The technique of using a live power cable to simultaneously transport a
communication signal, has been practiced since the early 1900’s. In most cases,
power-line communications has been implemented as a retrofit technology, with its
main benefit being the utilization of a ‘free’ existing network. This driving force of power-line
communications is typical for high-, medium-, and low-voltage distribution networks, as well
as intra-building networks currently targeted for home automation and home networking.
Researchers have thus focused on the optimum use of these existing power-line channels,
often accepting the inherent drawbacks of this hostile communication channel.
Apart from unpredictable noise sources, two main disadvantages of the low-voltage powerline
network as a communication channel, are i) the unknown power cable characteristics and
topology and ii) time-dependent fluctuation of the power-line impedance level as loads are
unpredictable switched into, and out of the network. These two factors have obscured the
requirements for proper coupling and impedance adaptation to the degree that most
researchers and manufacturers have merely accepted this typical ≈ 20-dB coupling loss as one
of the inherited disadvantages of the power-line channel. Most researchers and manufacturers
have thus defaulted to a guessed power-line impedance level, and have used one fixed coupler
winding ratio under all circumstances, regardless of power-line conditions.

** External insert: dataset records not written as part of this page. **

theorem theorem1:
  fixes A :: "complex^'n^'n"
    and px :: "(complex^'n) measure"
    and pM :: "(complex^'n^'m) measure"
    and \<sigma> :: real
    and T :: "real^'p \<Rightarrow> complex^'n \<Rightarrow> complex^'m \<Rightarrow> complex^'n"
    and \<theta> :: "real^'p"
    and xbar :: "complex^'m \<Rightarrow> complex^'n"
    and DT :: "complex^'n \<Rightarrow> complex^'m \<Rightarrow> real^'p \<Rightarrow> complex^'n"
  assumes A_orth: "adjoint_mat A ** A = mat 1"
    and pM_prob: "prob_space pM" and pM_sets: "sets pM = sets borel"
    and pM_sampling: "AE M in pM. sampling_matrix M"
    and full_rank: "rank (mean_MtM pM) = CARD('n)"
    and px_prob: "prob_space px" and px_sets: "sets px = sets borel"
    and sigma_pos: "\<sigma> > 0"
    and fixed_point: "\<And>y. T \<theta> (xbar y) y = xbar y"
    and deriv: "\<And>z y. ((\<lambda>t. T t z y) has_derivative DT z y) (at \<theta>)"
    and xbar_meas: "xbar \<in> borel_measurable borel"
    and jac_meas: "(\<lambda>y. jacobian_matrix (DT (xbar y) y)) \<in> borel_measurable borel"
    and int_jac: "integrable (px \<Otimes>\<^sub>M pM \<Otimes>\<^sub>M cgauss_vec \<sigma>)
        (\<lambda>(x, M, e). norm (jacobian_matrix (DT (xbar (M *v (A *v x) + e)) (M *v (A *v x) + e))))"
    and int_jac_err: "integrable (px \<Otimes>\<^sub>M pM \<Otimes>\<^sub>M cgauss_vec \<sigma>)
        (\<lambda>(x, M, e). norm (jacobian_matrix (DT (xbar (M *v (A *v x) + e)) (M *v (A *v x) + e)))
                     * norm (xbar (M *v (A *v x) + e) - x))"
  shows "Re_vec (integral\<^sup>L (px \<Otimes>\<^sub>M pM \<Otimes>\<^sub>M pM \<Otimes>\<^sub>M cgauss_vec \<sigma> \<Otimes>\<^sub>M cgauss_vec \<sigma>)
            (\<lambda>(x, M, M', e, e').
               let y = M *v (A *v x) + e; y' = M' *v (A *v x) + e'; xb = xbar y
               in adjoint_mat (jacobian_matrix (DT xb y))
                    *v (adjoint_mat (M' ** A) *v (Wmat pM M' *v ((M' ** A) *v xb - y')))))
       = Re_vec (integral\<^sup>L (px \<Otimes>\<^sub>M pM \<Otimes>\<^sub>M pM \<Otimes>\<^sub>M cgauss_vec \<sigma> \<Otimes>\<^sub>M cgauss_vec \<sigma>)
            (\<lambda>(x, M, M', e, e' :: complex^'m).
               let y = M *v (A *v x) + e; xb = xbar y
               in adjoint_mat (jacobian_matrix (DT xb y)) *v (xb - x)))"
proof -
  \<comment> \<open>\<open>fixed_point\<close> and \<open>deriv\<close> only give \<open>DT\<close> its meaning; the identity holds for any measurable
    Jacobian field.\<close>
  define J where "J = (\<lambda>y. jacobian_matrix (DT (xbar y) y))"
  have J_meas: "J \<in> borel_measurable borel" unfolding J_def by (rule jac_meas)
  have int_J: "integrable (px \<Otimes>\<^sub>M pM \<Otimes>\<^sub>M cgauss_vec \<sigma>) (\<lambda>(x, M, e). norm (J (M *v (A *v x) + e)))"
    using int_jac by (simp add: J_def)
  have int_J_err: "integrable (px \<Otimes>\<^sub>M pM \<Otimes>\<^sub>M cgauss_vec \<sigma>)
      (\<lambda>(x, M, e). norm (J (M *v (A *v x) + e)) * norm (xbar (M *v (A *v x) + e) - x))"
    using int_jac_err by (simp add: J_def)
  note eq = integral_weighted_residual_eq_residual[where J=J, OF A_orth pM_prob pM_sets pM_sampling
      full_rank px_prob px_sets centered_law_cgauss_vec[OF sigma_pos] J_meas xbar_meas int_J int_J_err]
  show ?thesis using eq by (simp add: J_def Let_def)
qed

end
lemma dbw_pair:
  assumes "1 \<le> m"
  shows "dbw (pair_nodes m) (pair_arcs m) = 0"
proof (rule dbw_eq_0_if_no_2_path)
  show "finite (pair_arcs m)"
    using finite_subset[OF pair_arcs_subset] finite_pair_nodes by blast
  have "(0, pair_node m 0 0) \<in> pair_arcs m" using assms by (auto simp: pair_arcs_def)
  then show "pair_arcs m \<noteq> {}" by blast
  show "(y, z) \<notin> pair_arcs m" if "(x, y) \<in> pair_arcs m" for x y z
    using pair_arcsD[OF that] pair_arcsD[of y z m] by auto
qed

text \<open>Let P and Q be the sources inside and outside X. Either every i \<in> P has a partner
  j \<in> Q with pair_node i j outside X, and these columns make the rows P independent in
  M[X, V - X]; or some i \<in> P has all pair_node i j (j \<in> Q) inside X, and these columns
  make the rows Q independent in M[V - X, X].\<close>

lemma gD_pair_ge:
  assumes P: "k \<le> card ({..<m} \<inter> X)" and Q: "k \<le> card ({..<m} - X)" and X: "X \<subseteq> pair_nodes m"
  shows "k \<le> gD (pair_nodes m) (pair_arcs m) X"
proof -
  let ?V = "pair_nodes m" and ?E = "pair_arcs m"
  let ?P = "{..<m} \<inter> X" and ?Q = "{..<m} - X"
  have node: "pair_node m i j \<in> ?V" if "i < m" "j < m" for i j
    using that by (auto simp: pair_nodes_def)
  have fin: "finite X" using finite_subset[OF X finite_pair_nodes] .
  show ?thesis
  proof (cases "\<forall>i\<in>?P. \<exists>j\<in>?Q. pair_node m i j \<notin> X")
    case True
    have "gf2_indep_rows ?E ?P (?V - X)"
    proof (rule gf2_indep_rows_if_private_columns)
      fix i assume i: "i \<in> ?P"
      then obtain j where j: "j \<in> ?Q" "pair_node m i j \<notin> X" using True by blast
      then show "\<exists>c\<in>?V - X. \<forall>r\<in>?P. (r, c) \<in> ?E \<longleftrightarrow> r = i"
        using i node[of i j] by (intro bexI[of _ "pair_node m i j"]) (auto simp: pair_arcs_into_pair_node)
    qed
    then have "card ?P \<le> gf2_rank ?E X (?V - X)" by (intro gf2_rank_ge_card[OF fin]) auto
    then show ?thesis using P by (simp add: gD_def)
  next
    case False
    then obtain i where i: "i \<in> ?P" and inside: "\<forall>j\<in>?Q. pair_node m i j \<in> X" by blast
    have "gf2_indep_rows ?E ?Q X"
    proof (rule gf2_indep_rows_if_private_columns)
      fix j assume j: "j \<in> ?Q"
      then show "\<exists>c\<in>X. \<forall>r\<in>?Q. (r, c) \<in> ?E \<longleftrightarrow> r = j"
        using i inside by (intro bexI[of _ "pair_node m i j"]) (auto simp: pair_arcs_into_pair_node)
    qed
    then have "card ?Q \<le> gf2_rank ?E (?V - X) X"
      using finite_pair_nodes by (intro gf2_rank_ge_card) (auto simp: pair_nodes_def)
    then show ?thesis using Q by (simp add: gD_def)
  qed
qed

lemma bcrk_pair_ge:
  assumes "1 \<le> k"
  shows "k \<le> bcrk (pair_nodes (3 * k)) (pair_arcs (3 * k))"
  unfolding bcrk_def
proof (rule layout_f_width_ge_if_balanced[OF finite_pair_nodes _ assms])
  show "{..<3 * k} \<subseteq> pair_nodes (3 * k)" by (auto simp: pair_nodes_def)
  show "3 * k \<le> card {..<3 * k}" by simp
  show "k \<le> gD (pair_nodes (3 * k)) (pair_arcs (3 * k)) X"
    if "X \<subseteq> pair_nodes (3 * k)" "k \<le> card ({..<3 * k} \<inter> X)" "k \<le> card ({..<3 * k} - X)" for X
    using gD_pair_ge that by blast
qed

This study has shown that proper coupling and impedance adaptation can yield significant
transmission gains even with limited (qualitative) knowledge of a power-line channel and its
topology. After formulating design steps for an impedance-adapting coupler that facilitates bidirectional
transmission, the impact of the fluctuating power-line impedance on coupler
bandwidth was investigated. Next, impedance adaptation strategies were considered and the
tradeoff between series cable requirements and parallel load requirements was explored. A
model of sufficient simplicity was developed to facilitate qualitative description and
classification of power outlets – functioning as communication nodes. Very interesting
simulation results were obtained and these were verified using a laboratory setup of
characterized power cables and calibrated loads. Next, these simulation results were employed
to improve power-line transmission over a live, uncharacterized 220-V residential network by
means of i) classifying typical residential rooms qualitatively in order to choose proper coupler
winding ratios and ii) using an innovative dual coupler for dedicated on-off switching with
harsh loads, thereby mitigating the fluctuating impact of said loads on low-voltage power-line
communications.